What the exercise asks: Repeat precisely the span of lines below that opens with the line containing "splits into squared" and closes with the line containing "(\<theta> i\<^sub>m)\<close>, so", both included.

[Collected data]
(* Let $n$ be the number of workers, $q\ge n$ odd, $\theta=2\pi/q$, and positive integers $k_A,k_B$ with $k_Ak_B<n$. Let $\mathbf{R}_\theta = \begin{bmatrix}\cos\theta&-\sin\theta\\ \sin\theta&\cos\theta\end{bmatrix}$, and let $\mathbf{G}^A$ ($2k_A\times 2n$) and $\mathbf{G}^B$ ($2k_B\times 2n$) have $(i,j)$-th $2\times2$ blocks $\mathbf{G}^A_{i,j}=\mathbf{R}_\theta^{ji}$ and $\mathbf{G}^B_{i,j}=\mathbf{R}_\theta^{(jk_A)i}$. Split $\mathbf{A}\in\mathbb{R}^{t\times r}$ into $2k_A$ block-columns $\mathbf{A}_{\langle\alpha,\beta\rangle}$ and $\mathbf{B}\in\mathbb{R}^{t\times w}$ into $2k_B$ block-columns $\mathbf{B}_{\langle\alpha,\beta\rangle}$ ($\beta\in\{0,1\}$); worker $l$ stores $\hat{\mathbf{A}}_{\langle l,j\rangle}=\sum_{\alpha,\beta}\mathbf{G}^A(2\alpha+\beta,2l+j)\mathbf{A}_{\langle\alpha,\beta\rangle}$ and $\hat{\mathbf{B}}_{\langle l,j\rangle}=\sum_{\alpha,\beta}\mathbf{G}^B(2\alpha+\beta,2l+j)\mathbf{B}_{\langle\alpha,\beta\rangle}$ for $j\in\{0,1\}$ and returns $\hat{\mathbf{A}}_{\langle l,k_1\rangle}^T\hat{\mathbf{B}}_{\langle l,k_2\rangle}$ for all $k_1,k_2\in\{0,1\}$. Let $\tau=k_Ak_B$. Then the threshold of the scheme is $k_Ak_B$: for any distinct $i_0,\dots,i_{\tau-1}\in\{0,\dots,n-1\}$, the $4\tau\times4\tau$ recovery matrix $\tilde{\mathbf{G}}=[\mathbf{G}^A_{i_0}\otimes\mathbf{G}^B_{i_0}\,|\,\cdots\,|\,\mathbf{G}^A_{i_{\tau-1}}\otimes\mathbf{G}^B_{i_{\tau-1}}]$ is nonsingular (where $\mathbf{G}^A_l$, $\mathbf{G}^B_l$ denote the $l$-th block-columns, of width 2), and its worst-case condition number is bounded by $O(q^{\,q-k_Ak_B+c_1})$, $c_1=5.5$.
   Context: $\otimes$ is the Kronecker product. The worker's outputs satisfy $\hat{\mathbf{A}}_{\langle l,k_1\rangle}^T\hat{\mathbf{B}}_{\langle l,k_2\rangle}=\mathbf{Z}\cdot(\mathbf{G}^A(:,2l+k_1)\otimes\mathbf{G}^B(:,2l+k_2))$, where $\mathbf{Z}$ is the $1\times 4k_Ak_B$ block vector of all products $\mathbf{A}_{\langle a,\beta_1\rangle}^T\mathbf{B}_{\langle b,\beta_2\rangle}$, so decoding amounts to solving systems with matrix $\tilde{\mathbf{G}}$. $\kappa(\mathbf{M})=\|\mathbf{M}\|\|\mathbf{M}^{-1}\|$ with $\|\cdot\|$ the largest singular value. *)

theory Defs
  imports Complex_Main "Jordan_Normal_Form.Matrix" "Jordan_Normal_Form.Char_Poly"
begin

definition rot :: "real \<Rightarrow> real mat" where
  "rot \<theta> = mat 2 2 (\<lambda>(i,j). if i = 0 \<and> j = 0 then cos \<theta> else if i = 0 \<and> j = 1 then - sin \<theta>
                            else if i = 1 \<and> j = 0 then sin \<theta> else cos \<theta>)"

definition GA :: "real \<Rightarrow> nat \<Rightarrow> nat \<Rightarrow> real mat" where
  "GA \<theta> kA n = mat (2*kA) (2*n)
     (\<lambda>(r,c). (rot \<theta> ^\<^sub>m ((c div 2) * (r div 2))) $$ (r mod 2, c mod 2))"

definition GB :: "real \<Rightarrow> nat \<Rightarrow> nat \<Rightarrow> nat \<Rightarrow> real mat" where
  "GB \<theta> kA kB n = mat (2*kB) (2*n)
     (\<lambda>(r,c). (rot \<theta> ^\<^sub>m (((c div 2) * kA) * (r div 2))) $$ (r mod 2, c mod 2))"

definition block_col :: "real mat \<Rightarrow> nat \<Rightarrow> real mat" where
  "block_col G l = mat (dim_row G) 2 (\<lambda>(r,c). G $$ (r, 2*l + c))"

definition kron :: "real mat \<Rightarrow> real mat \<Rightarrow> real mat" where
  "kron A B = mat (dim_row A * dim_row B) (dim_col A * dim_col B)
     (\<lambda>(i,j). A $$ (i div dim_row B, j div dim_col B) * B $$ (i mod dim_row B, j mod dim_col B))"

definition recovery_mat :: "real \<Rightarrow> nat \<Rightarrow> nat \<Rightarrow> nat \<Rightarrow> nat list \<Rightarrow> real mat" where
  "recovery_mat \<theta> kA kB n idx = mat (4*kA*kB) (4 * length idx)
     (\<lambda>(r,c). kron (block_col (GA \<theta> kA n) (idx ! (c div 4)))
                   (block_col (GB \<theta> kA kB n) (idx ! (c div 4))) $$ (r, c mod 4))"

definition spec_norm :: "real mat \<Rightarrow> real" where
  "spec_norm M = sqrt (Max {e. eigenvalue (transpose_mat M * M) e})"

definition inv_mat :: "real mat \<Rightarrow> real mat" where
  "inv_mat M = (THE B. B \<in> carrier_mat (dim_row M) (dim_row M) \<and> inverts_mat M B \<and> inverts_mat B M)"

definition cond_num :: "real mat \<Rightarrow> real" where
  "cond_num M = spec_norm M * spec_norm (inv_mat M)"

end

theory Submission
  imports Defs
begin

text \<open>Group the unknown vector \<open>v\<close> into the \<open>2 \<times> 2\<close> blocks \<open>X\<^sub>m\<close> of the workers and write each
  block as a pair of complex numbers: the complex-linear and the antilinear part of \<open>X\<^sub>m\<close>, viewed
  as a real-linear map of \<open>\<complex>\<close>. Rotations then act by multiplication with \<open>cis\<close>, and \<open>\<parallel>G v\<parallel>\<^sup>2\<close>
  splits into squared trigonometric sums \<open>\<Sum>\<^sub>m cis (\<theta> i\<^sub>m e) y\<^sub>m\<close> whose exponents \<open>e = \<alpha> + k\<^sub>A \<beta>\<close>
  run over \<open>0, \<dots>, \<tau> - 1\<close> and \<open>e = \<alpha> - k\<^sub>A \<beta>\<close> over a shift of this range. These are two
  \<open>\<tau> \<times> \<tau>\<close> Vandermonde systems in the distinct \<open>q\<close>-th roots of unity \<open>x\<^sub>m = cis (\<theta> i\<^sub>m)\<close>, so
  \<open>\<parallel>v\<parallel> / (A \<tau>) \<le> \<parallel>G v\<parallel> \<le> \<tau> \<parallel>v\<parallel>\<close>, where \<open>A\<close> bounds the entries of the inverse Vandermonde matrix.

  Those entries are the coefficients of the Lagrange polynomials \<open>\<Prod>(X - x\<^sub>j) / \<Prod>(x\<^sub>i - x\<^sub>j)\<close>
  over \<open>j \<noteq> i\<close>. Multiplying the numerator by the \<open>q - \<tau>\<close> factors \<open>X - x\<close> for the other roots of
  unity \<open>x\<close> gives \<open>(X\<^sup>q - 1) / (X - x\<^sub>i)\<close>, whose coefficients have modulus one; dividing back
  bounds the coefficients of the numerator by \<open>binomial (q - 1) (q - \<tau>)\<close>, and evaluating at
  \<open>x\<^sub>i\<close> bounds the denominator below by \<open>q / 2\<^bsup>q - \<tau>\<^esup>\<close>. Hence
  \<open>\<kappa>(G) \<le> A \<tau>\<^sup>2 \<le> 2 q\<^bsup>q - \<tau> + 1\<^esup>\<close>.\<close>

lemma sum_lessThan_2: "(\<Sum>i<2. f i) = f 0 + f (1::nat)"
  by (simp add: numeral_2_eq_2)

lemma sum_lessThan_mult: "(\<Sum>r<a * b. f r) = (\<Sum>x<a. \<Sum>y<b. f (x * b + y :: nat))"
proof -
  have "sum f {x * b..<x * b + b} = (\<Sum>y<b. f (x * b + y))" for x
    using sum.shift_bounds_nat_ivl[of f 0 "x * b" b] by (simp add: atLeast0LessThan add.commute)
  then show ?thesis by (simp flip: sum.nat_group)
qed

lemma mult_add_less_mult:
  fixes x y a b :: nat
  assumes "x < a" "y < b"
  shows "x * b + y < a * b"
proof -
  have "x * b + y < Suc x * b" using assms(2) by simp
  also have "\<dots> \<le> a * b" using assms(1) by (intro mult_right_mono) auto
  finally show ?thesis .
qed

lemma sum_mixed_radix:
  "(\<Sum>\<alpha><kA. \<Sum>\<beta><kB. g (real \<alpha> + real kA * real \<beta>)) = (\<Sum>k<kA * kB. g (real k))"
proof -
  have "(\<Sum>k<kB * kA. g (real k)) = (\<Sum>\<beta><kB. \<Sum>\<alpha><kA. g (real (\<beta> * kA + \<alpha>)))"
    by (rule sum_lessThan_mult)
  also have "\<dots> = (\<Sum>\<alpha><kA. \<Sum>\<beta><kB. g (real \<alpha> + real kA * real \<beta>))"
    by (subst sum.swap) (simp add: algebra_simps)
  finally show ?thesis by (simp add: mult.commute)
qed

lemma sum_mixed_radix_diff:
  assumes "0 < kB"
  shows "(\<Sum>\<alpha><kA. \<Sum>\<beta><kB. g (real \<alpha> - real kA * real \<beta>))
       = (\<Sum>k<kA * kB. g (- real kA * (real kB - 1) + real k))"
proof -
  have "(\<Sum>\<beta><kB. g (real \<alpha> - real kA * real \<beta>))
      = (\<Sum>\<beta><kB. g (- real kA * (real kB - 1) + (real \<alpha> + real kA * real \<beta>)))" for \<alpha>
  proof -
    have "real (kB - Suc \<beta>) = real kB - 1 - real \<beta>" if "\<beta> < kB" for \<beta>
      using that by (simp add: of_nat_diff)
    then show ?thesis
      using sum.nat_diff_reindex[of "\<lambda>\<beta>. g (real \<alpha> - real kA * real \<beta>)" kB, symmetric]
      by (simp add: algebra_simps)
  qed
  then show ?thesis
    using sum_mixed_radix[of "\<lambda>x. g (- real kA * (real kB - 1) + x)"] by simp
qed

lemma square_sum_le_card_mult_sum_square:
  fixes f :: "'a \<Rightarrow> real"
  shows "(\<Sum>k\<in>A. f k)\<^sup>2 \<le> real (card A) * (\<Sum>k\<in>A. (f k)\<^sup>2)"
proof -
  have "(\<Sum>k\<in>A. f k)\<^sup>2 = (\<Sum>k\<in>A. \<Sum>j\<in>A. f k * f j)"
    by (simp add: power2_eq_square sum_product)
  also have "\<dots> \<le> (\<Sum>k\<in>A. \<Sum>j\<in>A. ((f k)\<^sup>2 + (f j)\<^sup>2) / 2)"
    using sum_squares_bound[of "f _" "f _"] by (intro sum_mono) (simp add: field_simps)
  also have "\<dots> = real (card A) * (\<Sum>k\<in>A. (f k)\<^sup>2)"
    by (simp add: sum.distrib add_divide_distrib sum_divide_distrib[symmetric]
        sum_distrib_left[symmetric] sum.swap[of "\<lambda>k j. (f j)\<^sup>2 / 2"])
  finally show ?thesis .
qed

lemma two_pow_le_two_mult_fact: "(2::nat) ^ d \<le> 2 * fact d"
proof (induction d)
  case (Suc d)
  show ?case
  proof (cases "d = 0")
    case False
    have "(2::nat) ^ Suc d \<le> 2 * (2 * fact d)"
      using Suc.IH by simp
    also have "\<dots> \<le> 2 * (Suc d * fact d)"
      using False by (intro mult_left_mono mult_right_mono) auto
    finally show ?thesis by (simp add: fact_Suc[of d])
  qed simp
qed simp

section \<open>Lagrange polynomials at roots of unity\<close>

lemma monic_eq_prod_roots:
  fixes p :: "'a::idom poly"
  assumes "finite S" "card S = degree p" "lead_coeff p = 1" "\<And>s. s \<in> S \<Longrightarrow> poly p s = 0"
  shows "p = (\<Prod>s\<in>S. [:-s, 1:])"
  using assms
proof (induction S arbitrary: p rule: finite_induct)
  case empty
  then show ?case by (metis card.empty degree_0_id one_pCons prod.empty)
next
  case (insert a S)
  obtain r where r: "p = [:-a, 1:] * r"
    using insert.prems(3) by (metis dvdE insertI1 poly_eq_0_iff_dvd)
  have "lead_coeff r = 1"
    using insert.prems(2) unfolding r lead_coeff_mult by simp
  then have "r \<noteq> 0" by auto
  then have "degree p = Suc (degree r)"
    unfolding r by (subst degree_mult_eq) auto
  moreover have "poly r s = 0" if "s \<in> S" for s
    using insert.hyps(2) insert.prems(3)[of s] that unfolding r by auto
  ultimately have "r = (\<Prod>s\<in>S. [:-s, 1:])"
    using insert \<open>lead_coeff r = 1\<close> by simp
  then show ?case using r insert.hyps by simp
qed

definition unity_root :: "nat \<Rightarrow> nat \<Rightarrow> complex" where
  "unity_root q j = cis (2 * pi * real j / real q)"

lemma norm_unity_root [simp]: "norm (unity_root q j) = 1"
  unfolding unity_root_def by simp

lemma unity_root_pow_eq_1: "q > 0 \<Longrightarrow> unity_root q j ^ q = 1"
  unfolding unity_root_def by (simp add: DeMoivre)

lemma inj_on_unity_root: "q > 0 \<Longrightarrow> inj_on (unity_root q) {..<q}"
  using bij_betw_roots_unity[of q] unfolding bij_betw_def unity_root_def by blast

definition geom_poly :: "'a::comm_ring_1 \<Rightarrow> nat \<Rightarrow> 'a poly" where
  "geom_poly a q = (\<Sum>k<q. monom (a ^ (q - 1 - k)) k)"

lemma coeff_geom_poly: "coeff (geom_poly a q) k = (if k < q then a ^ (q - 1 - k) else 0)"
  unfolding geom_poly_def by (simp add: coeff_sum coeff_monom)

lemma poly_geom_poly: "poly (geom_poly a q) z = (\<Sum>k<q. a ^ (q - 1 - k) * z ^ k)"
  unfolding geom_poly_def by (simp add: poly_sum poly_monom)

lemma degree_geom_poly: "q > 0 \<Longrightarrow> degree (geom_poly a q) = q - 1"
  by (intro antisym degree_le le_degree) (auto simp: coeff_geom_poly)

lemma lead_coeff_geom_poly: "q > 0 \<Longrightarrow> lead_coeff (geom_poly a q) = 1"
  by (simp add: degree_geom_poly coeff_geom_poly)

lemma poly_geom_poly_mult: "poly (geom_poly a q) z * (z - a) = z ^ q - a ^ q"
proof (cases q)
  case (Suc n)
  have "z ^ Suc n - a ^ Suc n = (z - a) * (\<Sum>k<Suc n. z ^ k * a ^ (n - k))"
    by (rule diff_power_eq_sum)
  then show ?thesis unfolding poly_geom_poly Suc by (simp add: mult_ac)
qed (simp add: poly_geom_poly)

lemma poly_geom_poly_self: "poly (geom_poly a q) a = of_nat q * a ^ (q - 1)"
proof -
  have "a ^ (q - 1 - k) * a ^ k = a ^ (q - 1)" if "k < q" for k
    using that by (simp flip: power_add)
  then show ?thesis unfolding poly_geom_poly by simp
qed

lemma geom_poly_unity_root_eq_prod:
  assumes q: "q > 0" and l: "l < q"
  shows "geom_poly (unity_root q l) q = (\<Prod>j\<in>{..<q} - {l}. [:- unity_root q j, 1:])"
proof -
  have inj: "inj_on (unity_root q) ({..<q} - {l})"
    using inj_on_unity_root[OF q] by (rule inj_on_subset) auto
  have "geom_poly (unity_root q l) q = (\<Prod>s\<in>unity_root q ` ({..<q} - {l}). [:-s, 1:])"
  proof (rule monic_eq_prod_roots)
    show "card (unity_root q ` ({..<q} - {l})) = degree (geom_poly (unity_root q l) q)"
      using card_image[OF inj] l q by (simp add: degree_geom_poly)
    show "lead_coeff (geom_poly (unity_root q l) q) = 1"
      using q by (rule lead_coeff_geom_poly)
  next
    fix s assume "s \<in> unity_root q ` ({..<q} - {l})"
    then obtain j where j: "j < q" "j \<noteq> l" "s = unity_root q j" by auto
    then have "s \<noteq> unity_root q l"
      using inj_on_unity_root[OF q] l unfolding inj_on_def by auto
    moreover have "poly (geom_poly (unity_root q l) q) s * (s - unity_root q l) = 0"
      unfolding poly_geom_poly_mult using j unity_root_pow_eq_1[OF q] by simp
    ultimately show "poly (geom_poly (unity_root q l) q) s = 0" by simp
  qed simp
  also have "\<dots> = (\<Prod>j\<in>{..<q} - {l}. [:- unity_root q j, 1:])"
    using prod.reindex[OF inj] by simp
  finally show ?thesis .
qed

Response:
  splits into squared trigonometric sums \<open>\<Sum>\<^sub>m cis (\<theta> i\<^sub>m e) y\<^sub>m\<close> whose exponents \<open>e = \<alpha> + k\<^sub>A \<beta>\<close>
  run over \<open>0, \<dots>, \<tau> - 1\<close> and \<open>e = \<alpha> - k\<^sub>A \<beta>\<close> over a shift of this range. These are two
  \<open>\<tau> \<times> \<tau>\<close> Vandermonde systems in the distinct \<open>q\<close>-th roots of unity \<open>x\<^sub>m = cis (\<theta> i\<^sub>m)\<close>, so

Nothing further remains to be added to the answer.